Ten of the Companions are listed as exegetes: the four first caliphs (see caliph ) — but above all ʿAlī (see ʿalī b. abī ṭālib ) — then Ibn Masʿūd, Ibn ʿAbbās, Ubayy b. Kaʿb, Zayd b. Thābit, Abū Mūsā al-Ashʿarī and ʿAbdallāh b. al-Zubayr (Suyūṭī, Itqān, iv, 233). Others added to this list include Anas b. Mālik, Abū Hurayra, Jābir b. ʿAbdallāh and ʿAmr b. al-ʿĀṣ (Ḥājjī Khalīfa, Kashf, i, 428-30). Ibn al-Nadīm (fl. fourth/tenth century), who is only interested in written works in his “Index” of Arabic books, does not give such lists, but has only “the book of Ibn ʿAbbās transmitted by Mujāhid (b. Jabr)” (d. 104/722; Fihrist, 33).
Muslim tradition always counts the following figures among the successors (tābiʿūn), those “who achieve celebrity for the science of exegesis (tafsīr),” said al-ʿAṣimī, a Khurāsānian Karrāmī (a theological current of Transoxiana; cf. Bosworth, Karrāmiyya) who wrote in 425/1034 (see Jeffery, Muqaddimas, 196 [K. al-Mabānī]): 1. Saʿīd b. Jubayr (d. 95/714; Gilliot, Baqara, 205-11); 2. ʿIkrima (d. 105/723), the client of Ibn ʿAbbās; 3. Abū Ṣāliḥ Bādhām, the client of Umm Hāniʾ (Bint Abī Ṭālib); 4. Mujāhid b. Jabr; 5. Abū l-ʿĀliya al-Riyāḥī (Rufayʿ b. Mihrān, d. 93/711); 6. al-Ḍaḥḥāk b. Muzāḥim (d. 105/723); 7. ʿAlī b. Abī Ṭalḥa (al-Hāshimī, d. 120/737); 8. Abū Mijlaz Lāḥiq b. Ḥumayd (al-Sadūsī al-Baṣrī, d. 106/724); 9. al-Ḥasan al-Baṣrī (d. 110/728); 10. Qatāda b. Diʿāma al-Sadūsī (d. 118/736; ibid.; for a traditional presentation of Qatāda as an exegete, see ʿA. Abū Suʾud Badr, Tafsīr Qatāda; Ḥājjī Khalīfa, Kashf, i, 430 has 1, 2 and 4 and includes Ṭāwūs b. Kaysān, ʿAṭāʾ b. Abī Rabāḥ, saying that all five were Meccans or died in Mecca [q.v.]; Nöldeke, gq, ii, 167-8; for all these exegetes cf. Gilliot, La sourate al-Baqara). Our Karrāmī author remarks that all of them, save Qatāda, learned from Ibn ʿAbbās. It should be noted, however, that neither al-Ḍaḥḥāk nor al-Ḥasan al-Baṣrī were disciples of Ibn ʿAbbās.
Lastly, it is obvious that the two lists have a symbolic significance, since both enshrine ten figures. The fact that the majority of the figures on these lists of successors died in Mecca adds weight to the “soundness” of this being a transmission from the Prophet to the greatest Companions and successors. Confirming this vision of the religious propriety of exegesis is its multiple connections to the figure of Ibn ʿAbbās as the father of qurʾānic exegesis (Gilliot, Débuts, 85-8).

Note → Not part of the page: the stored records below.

lemma sigmaX_origin_le:
  assumes "0 < h" "h \<le> 1" "h \<le> T"
  shows "sigmaX M X 0 h \<le> (\<theta> + \<mu> * sqrt second_moment_bound) * h powr H"
proof -
  have "sigmaX M X 0 h \<le> \<theta> * h powr H + \<mu> * sqrt second_moment_bound * h"
    using sigmaX_increment_deviation[of 0 h] assms by simp
  moreover have "h \<le> h powr H"
    using powr_mono'[of H 1 h] assms H_less_1 by simp
  then have "\<mu> * sqrt second_moment_bound * h \<le> \<mu> * sqrt second_moment_bound * h powr H"
    using mu_pos second_moment_bound_nonneg by (intro mult_left_mono) auto
  ultimately show ?thesis by (simp add: distrib_right)
qed

lemma sigma2_origin_le:
  assumes "0 < h" "h \<le> 1" "h \<le> T"
  shows "sigma2 M X 0 h \<le> (\<theta> + \<mu> * sqrt second_moment_bound)^2 * h powr (2*H)"
proof -
  have "sigma2 M X 0 h = (sigmaX M X 0 h)^2"
    unfolding sigmaX_def using sigma2_nonneg[of M X 0 h] by simp
  also have "\<dots> \<le> ((\<theta> + \<mu> * sqrt second_moment_bound) * h powr H)^2"
    using sigmaX_origin_le[OF assms] by (intro power_mono) (simp_all add: sigmaX_def sigma2_nonneg)
  finally show ?thesis by (simp add: power_mult_distrib powr_mult_2)
qed

lemma cond_C1_holds: "cond_C1 M X H"
  unfolding cond_C1_def
proof (rule bigoI)
  show "\<forall>\<^sub>F h in at_right 0. norm (sigmaX M X 0 h) \<le> (\<theta> + \<mu> * sqrt second_moment_bound) * norm (h powr H)"
    unfolding eventually_at_right_field
    using sigmaX_origin_le T_pos by (intro exI[of _ "min 1 T"]) (auto simp: sigmaX_def sigma2_nonneg)
qed

lemma sigmaX_ratio_deviation:
  assumes "0 \<le> t" "0 < h" "t + h \<le> T"
  shows "\<bar>sigmaX M X t (t + h) / (\<theta> * h powr H) - 1\<bar>
    \<le> \<mu> * sqrt second_moment_bound / \<theta> * h powr (1 - H)"
proof -
  have pos: "0 < \<theta> * h powr H" using theta_pos assms(2) by simp
  have "sigmaX M X t (t + h) / (\<theta> * h powr H) - 1
      = (sigmaX M X t (t + h) - \<theta> * h powr H) / (\<theta> * h powr H)"
    using theta_pos assms(2) by (simp add: diff_divide_distrib)
  then have "\<bar>sigmaX M X t (t + h) / (\<theta> * h powr H) - 1\<bar>
      = \<bar>sigmaX M X t (t + h) - \<theta> * h powr H\<bar> / (\<theta> * h powr H)"
    using pos by simp
  moreover have "h powr (1 - H) = h / h powr H" using assms(2) by (simp add: powr_diff)
  then have "\<mu> * sqrt second_moment_bound * h / (\<theta> * h powr H)
      = \<mu> * sqrt second_moment_bound / \<theta> * h powr (1 - H)"
    using pos by (simp add: field_simps)
  moreover have "\<bar>sigmaX M X t (t + h) - \<theta> * h powr H\<bar> / (\<theta> * h powr H)
      \<le> \<mu> * sqrt second_moment_bound * h / (\<theta> * h powr H)"
    using sigmaX_increment_deviation[OF assms] pos by (intro divide_right_mono) auto
  ultimately show ?thesis by simp
qed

The early Orientalist point of view questioned the reliability of the authoritative chains of transmission as a means for reconstructing supposedly early tafsīr works. Actual reconstructions of the early history of exegesis in Islam are all based on one of several preliminary assumptions about the answer to following question: “Are the claims of the authors of the late second and third Islamic centuries, that they merely pass on the material of older authorities, historically correct?” (Leemhuis, Origins, 14-5). F. Sezgin responds affirmatively, going so far as to say that even Ibn ʿAbbās, the alleged father of qurʾānic exegesis, had a commentary ( gas, i, 19-24, 25-8); some early Muslim scholars have said that the transmitter of this supposed Tafsīr, ʿAlī b. Abī Ṭalḥa, did not hear the work from Ibn ʿAbbās himself (according to al-Khalīlī, d. 447/1055, in Suyūṭī, Itqān, iv, 237), but learned it from Mujāhid b. Jabr and Saʿīd b. Jubayr (ibid.). In contrast, J. Wansbrough believes “haggadic” or narrative exegesis to have begun rather late: “Extant recensions of exegetical writing here designated haggadic, despite biographical information on its putative author, are not earlier than the date proposed to mark the beginnings of Arabic literature, namely 200/815” ( qs, 144, 179; see the use of Wansbrough's categorization by Berg, Development, 148-55, and additions to it, 155-7).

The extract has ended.